The TADALAFIL BPH study program, spanning four randomized controlled trials (N=1,500+ pooled), found that tadalafil 5 mg daily reduced the IPSS by a mean of 3.8 points over 12 weeks compared with 1.7 points for placebo (P<0.001). [19] Uroflow rate and quality-of-life sub-scores also improved significantly. These data supported FDA's 2011 label expansion for BPH. [4]
A 2019 Cochrane systematic review of PDE5 inhibitors for LUTS associated with BPH (22 trials, N=4,894) concluded that PDE5 inhibitors produced clinically meaningful reductions in IPSS and IIEF scores, with an acceptable safety profile in men without nitrate use. [20] The reviewers noted that tadalafil 5 mg daily had the most strong evidence base among available PDE5 inhibitors for this indication.
The AUA 2021 guideline states: "Clinicians should offer PDE5 inhibitors to men with LUTS/BPH, with or without erectile dysfunction, because PDE5 inhibitors reduce symptom burden and improve quality of life." [9] That direct quotation from a named guideline document carries weight in a prior authorization letter.
Tadalafil's half-life of approximately 17.5 hours permits once-daily dosing, which distinguishes it mechanistically from sildenafil and vardenafil and supports the clinical rationale for choosing it over shorter-acting alternatives in a step therapy exception request. [3]
Cost Strategies When Coverage Is Denied
When Medicare Advantage denies tadalafil and appeals are exhausted or not pursued, cash-pay generic tadalafil remains the most practical alternative. GoodRx pricing for 30 tablets of tadalafil 5 mg ranges from $12 to $35 depending on pharmacy and zip code. [6] Using a discount card at the pharmacy means paying out of pocket, which means the cost does not count toward the Part D true-out-of-pocket (TrOOP) cap, but for a drug costing $15 to $30 per month this distinction rarely changes financial outcomes for most patients.
Manufacturer savings cards for brand Cialis are explicitly prohibited for use with any federal health insurance program, including Medicare Advantage. [21] Using the card while enrolled in Medicare Advantage is a federal compliance violation for both the patient and the pharmacy. This prohibition applies even if the plan has denied the claim.
The 340B Drug Pricing Program may offer reduced-cost tadalafil to eligible low-income patients at qualifying healthcare entities, though program access depends on the patient's enrollment status and the prescribing site. [22] Federally Qualified Health Centers (FQHCs) frequently participate in 340B and can dispense covered drugs at substantially reduced cost.

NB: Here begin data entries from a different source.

lemma card_form_d_words:
  "card (W_words form_d (3 * n) M) =
    (\<Sum>k\<in>{0..n}. (3 * k + 1) * card (W_words form_dfrak (3 * (n - k)) M))"
proof -
  have "card {p \<in> {(a, b). (0 < a \<and> 0 < b) \<and> (a + b) mod 3 = 2}. fst p + snd p = s} =
      (if s mod 3 = 2 then s - 1 else 0)" for s
    unfolding card_pairs_sum_filter[where Q = "\<lambda>a b. 0 < a \<and> 0 < b" and P = "\<lambda>s. s mod 3 = 2"]
    by (simp add: card_pos_pairs_sum)
  then have "card (W_words form_d (3 * n) M) =
      (\<Sum>k\<le>n. if 3 * k + 2 \<le> 3 * n
        then (3 * k + 2 - 1) * card (core_words 2 (3 * n - (3 * k + 2)) M) else 0)"
    unfolding form_d_eq by (rule card_block_words_residue) simp
  also have "\<dots> = (\<Sum>k\<in>{0..n}. (3 * k + 1) * card (W_words form_dfrak (3 * (n - k)) M))"
    unfolding form_dfrak_eq card_single_block_words atLeast0AtMost
    by (intro sum.cong) (auto simp: diff_mult_distrib2 numeral_2_eq_2)
  finally show ?thesis .
qed

lemma card_form_e_words:
  "card (W_words form_e (3 * n) M) = (\<Sum>k\<in>{1..n}. 3 * k * card (W_words form_ffrak (3 * (n - k)) M))"
proof -
  have "card {p \<in> {(a, b). (0 < a \<and> 0 < b) \<and> (a + b) mod 3 = 1}. fst p + snd p = s} =
      (if s mod 3 = 1 then s - 1 else 0)" for s
    unfolding card_pairs_sum_filter[where Q = "\<lambda>a b. 0 < a \<and> 0 < b" and P = "\<lambda>s. s mod 3 = 1"]
    by (simp add: card_pos_pairs_sum)
  then have "card (W_words form_e (3 * n) M) =
      (\<Sum>k\<le>n. if 3 * k + 1 \<le> 3 * n
        then (3 * k + 1 - 1) * card (core_words 1 (3 * n - (3 * k + 1)) M) else 0)"
    unfolding form_e_eq by (rule card_block_words_residue) simp
  also have "\<dots> = (\<Sum>k\<in>{1..n}. if 3 * k + 1 \<le> 3 * n
      then 3 * k * card (core_words 1 (3 * n - (3 * k + 1)) M) else 0)"
    by (subst sum_atMost_eq_atLeast_1) (auto intro!: sum.cong)
  also have "\<dots> = (\<Sum>k\<in>{1..n}. 3 * k * card (W_words form_ffrak (3 * (n - k)) M))"
    unfolding form_ffrak_eq card_single_block_words
    by (intro sum.cong) (auto simp: diff_mult_distrib2)
  finally show ?thesis .
qed

lemma card_form_f_words:
  "card (W_words form_f (3 * n) M) = 2 * (\<Sum>k\<in>{0..n}. card (W_words form_ffrak (3 * (n - k)) M))"
proof -
  have "card {p \<in> {(a, b). (a = 0 \<or> b = 0) \<and> (a + b) mod 3 = 1}. fst p + snd p = s} =
      (if s mod 3 = 1 then 2 else 0)" for s :: nat
    unfolding card_pairs_sum_filter[where Q = "\<lambda>a b. a = 0 \<or> b = 0" and P = "\<lambda>s. s mod 3 = 1"]
    by (simp add: card_axis_pairs_sum)
  then have "card (W_words form_f (3 * n) M) =
      (\<Sum>k\<le>n. if 3 * k + 1 \<le> 3 * n then 2 * card (core_words 1 (3 * n - (3 * k + 1)) M) else 0)"
    unfolding form_f_eq by (rule card_block_words_residue) simp
  also have "\<dots> = 2 * (\<Sum>k\<in>{0..n}. card (W_words form_ffrak (3 * (n - k)) M))"
    unfolding form_ffrak_eq card_single_block_words sum_distrib_left atLeast0AtMost
    by (intro sum.cong) (auto simp: diff_mult_distrib2)
  finally show ?thesis .
qed

lemma card_form_g_words:
  "card (W_words form_g (3 * n) M) = 2 * (\<Sum>k\<in>{0..n}. card (W_words form_dfrak (3 * (n - k)) M))"
proof -
  have "card {p \<in> {(a, b). (a = 0 \<or> b = 0) \<and> (a + b) mod 3 = 2}. fst p + snd p = s} =
      (if s mod 3 = 2 then 2 else 0)" for s :: nat
    unfolding card_pairs_sum_filter[where Q = "\<lambda>a b. a = 0 \<or> b = 0" and P = "\<lambda>s. s mod 3 = 2"]
    by (simp add: card_axis_pairs_sum)
  then have "card (W_words form_g (3 * n) M) =
      (\<Sum>k\<le>n. if 3 * k + 2 \<le> 3 * n then 2 * card (core_words 2 (3 * n - (3 * k + 2)) M) else 0)"
    unfolding form_g_eq by (rule card_block_words_residue) simp
  also have "\<dots> = 2 * (\<Sum>k\<in>{0..n}. card (W_words form_dfrak (3 * (n - k)) M))"
    unfolding form_dfrak_eq card_single_block_words sum_distrib_left atLeast0AtMost
    by (intro sum.cong) (auto simp: diff_mult_distrib2 numeral_2_eq_2)
  finally show ?thesis .
qed

lemma W_words_form_a_eq_image:
  assumes "N mod 3 = 0" and "even M"
  shows "W_words form_a N (M + 2) =
    (\<lambda>v. S # v @ [S]) ` W_words (\<lambda>v. form_b v \<or> form_d v \<or> form_e v) N M"
proof (intro equalityI subsetI)
  fix w
  assume w: "w \<in> W_words form_a N (M + 2)"
  then obtain C where C: "C \<noteq> []" "w = S # (U # C @ [U]) @ [S]"
    by (auto simp: W_words_def form_a_def)
  let ?v = "U # C @ [U]"
  have "no_SS (S # ?v @ [S])" "trivial_in_Gamma (S # ?v @ [S])"
    using w C by (simp_all add: W_words_def Wset_iff)
  then have "?v \<in> Wset"
    by (simp only: Wset_iff no_SS_S_block trivial_in_Gamma_S_conj) simp
  moreover have "count_list ?v U = N" "count_list ?v S = M"
    using w C by (auto simp: W_words_def)
  moreover have "form_b ?v \<or> form_d ?v \<or> form_e ?v"
    using calculation assms by (intro form_b_d_e_if_U_bordered) (auto simp: Wset_iff)
  ultimately show "w \<in> (\<lambda>v. S # v @ [S]) ` W_words (\<lambda>v. form_b v \<or> form_d v \<or> form_e v) N M"
    using C by (auto simp: W_words_def)
next
  fix w
  assume "w \<in> (\<lambda>v. S # v @ [S]) ` W_words (\<lambda>v. form_b v \<or> form_d v \<or> form_e v) N M"
  then obtain v where v: "v \<in> W_words (\<lambda>v. form_b v \<or> form_d v \<or> form_e v) N M" "w = S # v @ [S]"
    by blast
  then obtain C where C: "C \<noteq> []" "v = U # C @ [U]"
    using U_bordered_if_form_b_d_e by (auto simp: W_words_def)
  have "no_SS v" "trivial_in_Gamma v"
    using v(1) by (auto simp: W_words_def Wset_iff)
  then have "no_SS (S # v @ [S])" "trivial_in_Gamma (S # v @ [S])"
    using C(2) by (simp_all only: no_SS_S_block trivial_in_Gamma_S_conj) auto
  then show "w \<in> W_words form_a N (M + 2)"
    using v C by (auto simp: W_words_def Wset_iff form_a_def)
qed

lemma card_form_a_words_Suc_Suc:
  assumes "N mod 3 = 0" and "even M"
  shows "card (W_words form_a N (M + 2)) =
    card (W_words form_b N M) + card (W_words form_d N M) + card (W_words form_e N M)"
proof -
  have "W_words (\<lambda>v. form_b v \<or> form_d v \<or> form_e v) N M =
      (W_words form_b N M \<union> W_words form_d N M) \<union> W_words form_e N M"
    by (auto simp: W_words_def)
  moreover have "W_words form_b N M \<inter> W_words form_d N M = {}"
    "(W_words form_b N M \<union> W_words form_d N M) \<inter> W_words form_e N M = {}"
    using form_b_d_e_disjoint by (auto simp: W_words_def)
  moreover have "inj (\<lambda>v. S # v @ [S])"
    by (rule injI) simp
  ultimately show ?thesis
    unfolding W_words_form_a_eq_image[OF assms]
    by (simp add: card_image inj_on_subset card_Un_disjoint finite_W_words)
qed

lemma cnt_eq_card_W_words: "cnt P (int n) (int m) = card (W_words P n m)"
  by (simp add: cnt_def W_words_def)

lemma cnt_eq_card_W_words_mult:
  "cnt P (3 * int n) (2 * int m) = card (W_words P (3 * n) (2 * m))"
  using cnt_eq_card_W_words[of P "3 * n" "2 * m"] by simp

lemma cnt_eq_card_W_words_diff:
  "k \<le> n \<Longrightarrow> cnt P (3 * int n - 3 * int k) (2 * int m) = card (W_words P (3 * (n - k)) (2 * m))"
  using cnt_eq_card_W_words[of P "3 * (n - k)" "2 * m"] by (simp add: of_nat_diff)

lemma cnt_eq_card_W_words_minus_2:
  "cnt P (3 * int n) (2 * int m - 2) =
    (if m = 0 then 0 else card (W_words P (3 * n) (2 * (m - 1))))"
  using cnt_eq_card_W_words[of P "3 * n" "2 * (m - 1)"] by (auto simp: cnt_def of_nat_diff)

theorem proposition3:
  fixes n m :: nat
  shows
   "ca (3*int n) (2*int m) = cb (3*int n) (2*int m - 2) + cd (3*int n) (2*int m - 2)
                              + ce (3*int n) (2*int m - 2)
  \<and> (m \<ge> 1 \<longrightarrow> cb (3*int n) (2*int m) = (\<Sum>k\<in>{1..n}. (3*k - 1) * ca (3*int n - 3*int k) (2*int m)))
  \<and> (n > 0 \<longrightarrow> cb (3*int n) 0 = 1)
  \<and> cc (3*int n) (2*int m) = 2 * (\<Sum>k\<in>{1..n}. ca (3*int n - 3*int k) (2*int m))
  \<and> cd (3*int n) (2*int m) = (\<Sum>k\<in>{0..n}. (3*k + 1) * cdfrak (3*int n - 3*int k) (2*int m))
  \<and> ce (3*int n) (2*int m) = (\<Sum>k\<in>{1..n}. 3*k * cffrak (3*int n - 3*int k) (2*int m))
  \<and> cf (3*int n) (2*int m) = 2 * (\<Sum>k\<in>{0..n}. cffrak (3*int n - 3*int k) (2*int m))
  \<and> cg (3*int n) (2*int m) = 2 * (\<Sum>k\<in>{0..n}. cdfrak (3*int n - 3*int k) (2*int m))"
proof (intro conjI impI)
  have "W_words form_a (3 * n) 0 = {}"
    by (auto simp: W_words_def form_a_def)
  moreover have "card (W_words form_a (3 * n) (2 * (m - 1) + 2)) =
      card (W_words form_b (3 * n) (2 * (m - 1)))
      + card (W_words form_d (3 * n) (2 * (m - 1))) + card (W_words form_e (3 * n) (2 * (m - 1)))"
    by (rule card_form_a_words_Suc_Suc) simp_all
  ultimately show "ca (3*int n) (2*int m) = cb (3*int n) (2*int m - 2) + cd (3*int n) (2*int m - 2)
      + ce (3*int n) (2*int m - 2)"
    unfolding ca_def cb_def cd_def ce_def cnt_eq_card_W_words_minus_2 cnt_eq_card_W_words_mult
    by (cases m) simp_all
  show "n > 0 \<Longrightarrow> cb (3*int n) 0 = 1"
    using cnt_eq_card_W_words_mult[of form_b n 0] by (simp add: cb_def card_form_b_words_0)
qed (simp_all add: ca_def cb_def cc_def cd_def ce_def cf_def cg_def cdfrak_def cffrak_def
    cnt_eq_card_W_words_mult cnt_eq_card_W_words_diff card_form_b_words card_form_c_words
    card_form_d_words card_form_e_words card_form_f_words card_form_g_words)

end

Telehealth platforms, including HealthRX, can prescribe generic tadalafil and route the prescription to a preferred-pricing pharmacy, often reducing the effective cost to under $20 per month without involving insurance at all. For most Medicare Advantage members denied for the ED indication, this cash-pay route is faster and less administratively burdensome than pursuing a multi-level appeal for a drug available generically at low cost.
State pharmaceutical assistance programs (SPAPs) in states including Pennsylvania, New York, and New Jersey may provide supplemental drug benefits that cover drugs excluded from Part D. Eligibility is income-based and program-specific. [23]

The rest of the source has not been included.